Exercise 5.5.4. Special Case. Independent Distributions. Consider the assumptions of Exercise 5.5.2 and now assume independent risks. Provide sufficient mild conditions so that a stationary point of the \(VaR\) can be found at \(u\) such that \(f_2(y-u)=f_1(y-u_2^*)\), where \(y=VaR[u, u_2^*]\).

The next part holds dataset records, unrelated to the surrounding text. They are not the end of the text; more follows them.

section \<open>Dyck words under Knuth moves\<close>

lemma sorted_filter_convex_knuth_step:
  assumes convex: "\<And>a b c. a \<le> b \<Longrightarrow> b \<le> c \<Longrightarrow> P a \<Longrightarrow> P c \<Longrightarrow> P b"
    and "knuth_step u v"
  shows "sorted_wrt (<) (filter P u) \<longleftrightarrow> sorted_wrt (<) (filter P v)"
  using assms(2)
proof induction
  case (K1 a b c u v)
  show ?case
  proof (cases "P a \<and> P c")
    case True
    then have "P b" using convex[of a b c] K1 by (simp add: less_imp_le)
    with True K1 show ?thesis by (auto simp: sorted_wrt_append)
  next
    case False
    then have "filter P [a, c, b] = filter P [c, a, b]" by auto
    then show ?thesis by (metis filter_append)
  qed
next
  case (K2 a b c u v)
  show ?case
  proof (cases "P a \<and> P c")
    case True
    then have "P b" using convex[of a b c] K2 by (simp add: less_imp_le)
    with True K2 show ?thesis by (auto simp: sorted_wrt_append)
  next
    case False
    then have "filter P [b, a, c] = filter P [b, c, a]" by auto
    then show ?thesis by (metis filter_append)
  qed
qed

lemma blocks_increasing_knuth_step:
  "knuth_step u v \<Longrightarrow> blocks_increasing i m u \<longleftrightarrow> blocks_increasing i m v"
  unfolding blocks_increasing_def
  by (subst (1 2) sorted_filter_convex_knuth_step[of _ u v])
     (auto simp: low_letter_def high_letter_def)

lemma blocks_increasing_window:
  "blocks_increasing i m (u @ t @ v) \<Longrightarrow>
   sorted_wrt (<) (filter (low_letter i m) t) \<and> sorted_wrt (<) (filter (high_letter i m) t)"
  by (simp add: blocks_increasing_def sorted_wrt_append)

lemma open_highs_knuth_step:
  assumes "knuth_step u v" and "blocks_increasing i m u"
  shows "open_highs i m c u = open_highs i m c v"
  using assms
proof induction
  case (K1 a b c u v)
  then show ?case
    using blocks_increasing_window[OF K1.prems]
    by (auto simp: open_count_append low_letter_def high_letter_def)
next
  case (K2 a b c u v)
  then show ?case
    using blocks_increasing_window[OF K2.prems]
    by (auto simp: open_count_append low_letter_def high_letter_def)
qed

definition collapse_letter :: "nat \<Rightarrow> nat \<Rightarrow> nat \<Rightarrow> nat" where
  "collapse_letter i m x =
     (if i \<le> x \<and> x \<le> i + m then i else if i + m + 1 \<le> x \<and> x \<le> i + 2 * m then Suc i else x)"

lemma collapse_eq_map: "collapse i m w = map (collapse_letter i m) w"
  by (simp add: collapse_def collapse_letter_def)

lemma collapse_letter_mono: "x \<le> y \<Longrightarrow> collapse_letter i m x \<le> collapse_letter i m y"
  by (auto simp: collapse_letter_def)

lemma collapse_letter_eq_same_block:
  "x < y \<Longrightarrow> collapse_letter i m x = collapse_letter i m y \<Longrightarrow>
   (low_letter i m x \<and> low_letter i m y) \<or> (high_letter i m x \<and> high_letter i m y)"
  by (auto simp: collapse_letter_def low_letter_def high_letter_def split: if_splits)

lemma collapse_knuth_step:
  assumes "knuth_step u v" and "blocks_increasing i m u"
  shows "knuth_step (collapse i m u) (collapse i m v)"
  using assms
proof induction
  case (K1 a b c u v)
  let ?f = "collapse_letter i m"
  have "?f a \<le> ?f b" "?f b \<le> ?f c"
    using K1.hyps by (simp_all add: collapse_letter_mono)
  moreover have "?f b \<noteq> ?f c"
    using collapse_letter_eq_same_block[of b c i m] blocks_increasing_window[OF K1.prems] K1.hyps
    by (auto split: if_splits)
  ultimately show ?case
    using knuth_step.K1[of "?f a" "?f b" "?f c" "map ?f u" "map ?f v"] by (simp add: collapse_eq_map)
next
  case (K2 a b c u v)
  let ?f = "collapse_letter i m"
  have "?f a \<le> ?f b" "?f b \<le> ?f c"
    using K2.hyps by (simp_all add: collapse_letter_mono)
  moreover have "?f a \<noteq> ?f b"
    using collapse_letter_eq_same_block[of a b i m] blocks_increasing_window[OF K2.prems] K2.hyps
    by (auto split: if_splits)
  ultimately show ?case
    using knuth_step.K2[of "?f a" "?f b" "?f c" "map ?f u" "map ?f v"] by (simp add: collapse_eq_map)
qed

lemma dyck_word_knuth_equiv:
  assumes "knuth_equiv u v" and "dyck_word i m u"
  shows "dyck_word i m v \<and> knuth_equiv (collapse i m u) (collapse i m v)"
proof -
  let ?F = "\<lambda>w. if dyck_word i m w then Some (collapse i m w) else None"
  have "rel_option knuth_equiv (?F w) (?F w')" if "knuth_step w w'" for w w'
    using blocks_increasing_knuth_step[OF that] open_highs_knuth_step[OF that]
      collapse_knuth_step[OF that] knuth_step_imp_knuth_equiv
    by (auto simp: dyck_word_def)
  from knuth_equiv_lift_option[of ?F, OF this assms(1)] assms(2) show ?thesis
    by (auto split: if_splits)
qed

theorem proposition4p5:
  fixes N i m :: nat and \<pi> \<sigma> :: "nat list"
  assumes "is_perm N \<pi>" and "is_perm N \<sigma>"
    and "knuth_equiv \<pi> \<sigma>"
    and "dyck_interval N \<pi> i m"
  shows "dyck_interval N \<sigma> i m \<and>
         (\<forall>\<pi>' \<sigma>'. dyck_edge N \<pi> i m \<pi>' \<longrightarrow> dyck_edge N \<sigma> i m \<sigma>' \<longrightarrow> knuth_equiv \<pi>' \<sigma>')"
proof -
  have bounds: "1 \<le> m" "1 \<le> i" "i + 2 * m \<le> N"
    using assms(4) by (simp_all add: dyck_interval_def)
  have "dyck_word i m \<pi>"
    using assms(4) dyck_interval_iff_dyck_word[OF assms(1) bounds] by simp
  then have "dyck_word i m \<sigma>" and collapsed: "knuth_equiv (collapse i m \<pi>) (collapse i m \<sigma>)"
    using dyck_word_knuth_equiv[OF assms(3)] by auto
  then have "dyck_interval N \<sigma> i m"
    using dyck_interval_iff_dyck_word[OF assms(2) bounds] by simp
  moreover have "knuth_equiv \<pi>' \<sigma>'" if edges: "dyck_edge N \<pi> i m \<pi>'" "dyck_edge N \<sigma> i m \<sigma>'" for \<pi>' \<sigma>'
  proof -
    obtain v v' where "crystal_f i (collapse i m \<pi>) = Some v" "\<pi>' = std v"
      and "crystal_f i (collapse i m \<sigma>) = Some v'" "\<sigma>' = std v'"
      using edges by (auto simp: dyck_edge_def)
    with crystal_f_knuth_equiv[OF collapsed, of i] show ?thesis
      by (simp add: std_knuth_equiv)
  qed
  ultimately show ?thesis by blast
qed

end
lemma integral_test_fun_derivative_divergence_free:
  fixes V :: "'a::euclidean_space \<Rightarrow> 'a"
  assumes D: "open D" and \<phi>: "test_fun D \<phi>"
    and V: "\<And>i x. i \<in> Basis \<Longrightarrow> x \<in> D \<Longrightarrow> ((\<lambda>x. V x \<bullet> i) has_derivative V' i x) (at x)"
    and V_cont: "continuous_on D V" "\<And>i. i \<in> Basis \<Longrightarrow> continuous_on D (\<lambda>x. V' i x i)"
    and div: "\<And>x. x \<in> D \<Longrightarrow> (\<Sum>i\<in>Basis. V' i x i) = 0"
  shows "integral D (\<lambda>x. frechet_derivative \<phi> (at x) (V x)) = 0"
proof -
  have "((\<lambda>x. V x \<bullet> i * frechet_derivative \<phi> (at x) i + V' i x i * \<phi> x) has_integral 0) D"
    if i: "i \<in> Basis" for i
    using V_cont(1)
    by (intro has_integral_test_fun_by_parts[OF D \<phi> i V[OF i] _ V_cont(2)[OF i]] continuous_intros)
  then have "((\<lambda>x. \<Sum>i\<in>Basis. V x \<bullet> i * frechet_derivative \<phi> (at x) i + V' i x i * \<phi> x)
      has_integral (\<Sum>i\<in>(Basis::'a set). 0)) D"
    by (rule has_integral_sum[OF finite_Basis])
  then have "((\<lambda>x. \<Sum>i\<in>Basis. V x \<bullet> i * frechet_derivative \<phi> (at x) i + V' i x i * \<phi> x)
      has_integral 0) D"
    by simp
  moreover have "(\<Sum>i\<in>Basis. V x \<bullet> i * frechet_derivative \<phi> (at x) i + V' i x i * \<phi> x)
      = frechet_derivative \<phi> (at x) (V x)" if "x \<in> D" for x
  proof -
    have "linear (frechet_derivative \<phi> (at x))"
      using has_derivative_linear[OF test_fun_has_derivative[OF \<phi>]] .
    then show ?thesis
      using div[OF that] linear_functional_expansion[of _ "V x"]
      by (simp add: sum.distrib flip: sum_distrib_right)
  qed
  ultimately show ?thesis
    by (metis (no_types, lifting) has_integral_cong integral_unique)
qed

section \<open>The n-harmonic function log |x - y|\<close>

lemma has_derivative_norm_diff:
  fixes y :: "'a::real_inner"
  assumes "x \<noteq> y"
  shows "((\<lambda>x. norm (x - y)) has_derivative (\<lambda>u. ((x - y) \<bullet> u) / norm (x - y))) (at x)"
proof -
  have "((\<lambda>x. norm (x - y)) has_derivative (\<lambda>u. u \<bullet> sgn (x - y))) (at x)"
    using has_derivative_compose[OF has_derivative_diff[OF has_derivative_ident has_derivative_const]
        has_derivative_norm[of "x - y"]] assms
    by simp
  then show ?thesis
    by (simp add: sgn_div_norm inner_commute divide_inverse mult.commute)
qed

lemma has_derivative_ln_norm_diff:
  fixes y :: "'a::real_inner"
  assumes "x \<noteq> y"
  shows "((\<lambda>x. A * ln (norm (x - y)) + B) has_derivative
      (\<lambda>u. ((A / norm (x - y)^2) *\<^sub>R (x - y)) \<bullet> u)) (at x)"
  using assms
  by (auto intro!: derivative_eq_intros has_derivative_norm_diff ext
      simp: inner_diff_left power2_eq_square field_simps)

lemma has_derivative_radial_field_component:
  fixes y :: "'a::real_inner"
  assumes "x \<noteq> y"
  shows "((\<lambda>x. ((x - y) \<bullet> i) / norm (x - y) ^ n) has_derivative
     (\<lambda>u. (u \<bullet> i) / norm (x - y) ^ n
        - real n * ((x - y) \<bullet> i) * ((x - y) \<bullet> u) / norm (x - y) ^ (n + 2))) (at x)"
  apply (rule has_derivative_eq_rhs)
   apply (auto intro!: derivative_eq_intros has_derivative_norm_diff simp: assms)[1]
  using assms by (cases n) (auto intro!: ext simp: field_simps)

lemma radial_field_divergence_zero:
  fixes z :: "'a::euclidean_space"
  assumes "z \<noteq> 0"
  shows "(\<Sum>i\<in>Basis. (i \<bullet> i) / norm z ^ DIM('a)
      - real DIM('a) * (z \<bullet> i) * (z \<bullet> i) / norm z ^ (DIM('a) + 2)) = 0"
proof -
  have "(\<Sum>i\<in>Basis. (z \<bullet> i) * (z \<bullet> i)) = norm z ^ 2"
    using euclidean_inner[of z z] by (simp add: power2_norm_eq_inner)
  then show ?thesis
    using assms
    by (simp add: sum_subtractf inner_Basis mult.assoc flip: sum_distrib_left sum_divide_distrib)
       (simp add: power_add power2_eq_square)
qed

lemma norm_power_scaleR_log_gradient:
  fixes z :: "'a::real_normed_vector"
  assumes z: "z \<noteq> 0" and n: "2 \<le> n"
  shows "norm ((A / norm z ^ 2) *\<^sub>R z) ^ (n - 2) *\<^sub>R ((A / norm z ^ 2) *\<^sub>R z)
    = (\<bar>A\<bar> ^ (n - 2) * A) *\<^sub>R ((1 / norm z ^ n) *\<^sub>R z)"
proof -
  obtain m where m: "n = m + 2"
    using n by (metis add.commute le_Suc_ex)
  have "norm ((A / norm z ^ 2) *\<^sub>R z) = \<bar>A\<bar> / norm z"
    using z by (simp add: power2_eq_square)
  then show ?thesis
    using z by (simp add: m power_divide power_add power2_eq_square)
qed

lemma integral_test_fun_derivative_radial_field:
  fixes y :: "'a::euclidean_space"
  assumes D: "open D" and y: "y \<notin> D" and \<phi>: "test_fun D \<phi>"
  shows "integral D (\<lambda>x. frechet_derivative \<phi> (at x) ((1 / norm (x - y) ^ DIM('a)) *\<^sub>R (x - y))) = 0"
proof (rule integral_test_fun_derivative_divergence_free[OF D \<phi>])
  define n where "n = DIM('a)"
  define V' where "V' i x u = (u \<bullet> i) / norm (x - y) ^ n
      - real n * ((x - y) \<bullet> i) * ((x - y) \<bullet> u) / norm (x - y) ^ (n + 2)" for i x u
  have xy: "x \<noteq> y" if "x \<in> D" for x
    using that y by auto
  show "((\<lambda>x. ((1 / norm (x - y) ^ DIM('a)) *\<^sub>R (x - y)) \<bullet> i) has_derivative V' i x) (at x)"
    if "i \<in> Basis" "x \<in> D" for i x
    using has_derivative_radial_field_component[OF xy[OF that(2)], of i n]
    by (simp add: n_def V'_def[abs_def])
  show "continuous_on D (\<lambda>x. (1 / norm (x - y) ^ DIM('a)) *\<^sub>R (x - y))"
    by (intro continuous_intros) (auto dest: xy)
  show "continuous_on D (\<lambda>x. V' i x i)" for i
    unfolding V'_def by (intro continuous_intros) (auto dest: xy)
  show "(\<Sum>i\<in>Basis. V' i x i) = 0" if "x \<in> D" for x
    using radial_field_divergence_zero[of "x - y"] xy[OF that]
    by (simp add: V'_def n_def mult.assoc)
qed

lemma n_harmonic_ln_norm_diff:
  fixes y :: "'a::euclidean_space" and A B :: real
  assumes n: "2 \<le> DIM('a)" and D: "open D" and y: "y \<notin> D"
  shows "n_harmonic D (\<lambda>x. A * ln (norm (x - y)) + B)"
proof -
  define g where "g x = (A / norm (x - y)^2) *\<^sub>R (x - y)" for x
  define c where "c = \<bar>A\<bar> ^ (DIM('a) - 2) * A"
  have xy: "x \<noteq> y" if "x \<in> D" for x
    using that y by auto
  have h_cont: "continuous_on D (\<lambda>x. A * ln (norm (x - y)) + B)"
    by (intro continuous_intros) (auto dest: xy)
  have g_cont: "continuous_on D g"
    unfolding g_def by (intro continuous_intros) (auto dest: xy)
  have grad: "weak_gradient D (\<lambda>x. A * ln (norm (x - y)) + B) g"
    by (rule weak_gradient_C1[OF D _ h_cont g_cont])
      (use has_derivative_ln_norm_diff[OF xy] in \<open>simp add: g_def\<close>)
  have "integral D (\<lambda>x. norm (g x) ^ (DIM('a) - 2) * frechet_derivative \<phi> (at x) (g x)) = 0"
    if \<phi>: "test_fun D \<phi>" for \<phi>
  proof -
    (* |g|^(n-2) g is c times the divergence-free field (x - y) / |x - y|^n *)
    have "norm (g x) ^ (DIM('a) - 2) * frechet_derivative \<phi> (at x) (g x)
        = c * frechet_derivative \<phi> (at x) ((1 / norm (x - y) ^ DIM('a)) *\<^sub>R (x - y))"
      if "x \<in> D" for x
    proof -
      have "linear (frechet_derivative \<phi> (at x))"
        using has_derivative_linear[OF test_fun_has_derivative[OF \<phi>]] .
      then have scale: "frechet_derivative \<phi> (at x) (r *\<^sub>R u) = r * frechet_derivative \<phi> (at x) u"
        for r u
        by (simp add: linear_scale)
      have "norm (g x) ^ (DIM('a) - 2) * frechet_derivative \<phi> (at x) (g x)
          = frechet_derivative \<phi> (at x) (norm (g x) ^ (DIM('a) - 2) *\<^sub>R g x)"
        by (rule scale[symmetric])
      also have "norm (g x) ^ (DIM('a) - 2) *\<^sub>R g x
          = c *\<^sub>R ((1 / norm (x - y) ^ DIM('a)) *\<^sub>R (x - y))"
        unfolding g_def c_def using xy[OF that] n by (intro norm_power_scaleR_log_gradient) auto
      finally show ?thesis
        by (simp only: scale)
    qed
    then have "integral D (\<lambda>x. norm (g x) ^ (DIM('a) - 2) * frechet_derivative \<phi> (at x) (g x))
        = integral D (\<lambda>x. c * frechet_derivative \<phi> (at x) ((1 / norm (x - y) ^ DIM('a)) *\<^sub>R (x - y)))"
      by (rule integral_cong)
    then show ?thesis
      using integral_test_fun_derivative_radial_field[OF D y \<phi>] by (simp add: integral_mult_right)
  qed
  then show ?thesis
    unfolding n_harmonic_def
  proof (intro conjI exI[of _ g] allI impI h_cont grad)
    show "loc_integrable D (\<lambda>x. \<bar>A * ln (norm (x - y)) + B\<bar> ^ DIM('a))"
      "loc_integrable D (\<lambda>x. norm (g x) ^ DIM('a))"
      by (intro loc_integrable_continuous continuous_on_power continuous_on_rabs
          continuous_on_norm h_cont g_cont)+
  qed
qed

For the case of independence, we have \(C(u,u_2) = u_1 \cdot u_2\), \(C_1(u_1,u_2) = u_2\), \(C_2(u_1,u_2) = u_1\). Thus, equation (5.16) becomes
\[
\begin{array}{ll}
\partial_u VaR[u, u_2^*] &=
\frac{1}{F_y[u, u_2^*,y]} \left\{
f_2(y-u)\left\{1-F_1(u) \right\} \right.\\
& \ \ \ \ \left. - f_1(y-u_2^*) \left\{1-F_2(u_2^*) \right\} \frac{1-F_1(u)}{1-F_2(u_2^*)}
\right\}, \\
&=
\frac{1-F_1(u)}{F_y[u, u_2^*,y]} \left\{
f_2(y-u) - f_1(y-u_2^*)
\right\}, \\
\end{array}
\]
For the derivative to be zero, a solution occurs at values of \(u\) such that \(f_2(y-u)=f_1(y-u_2^*)\). Very interesting.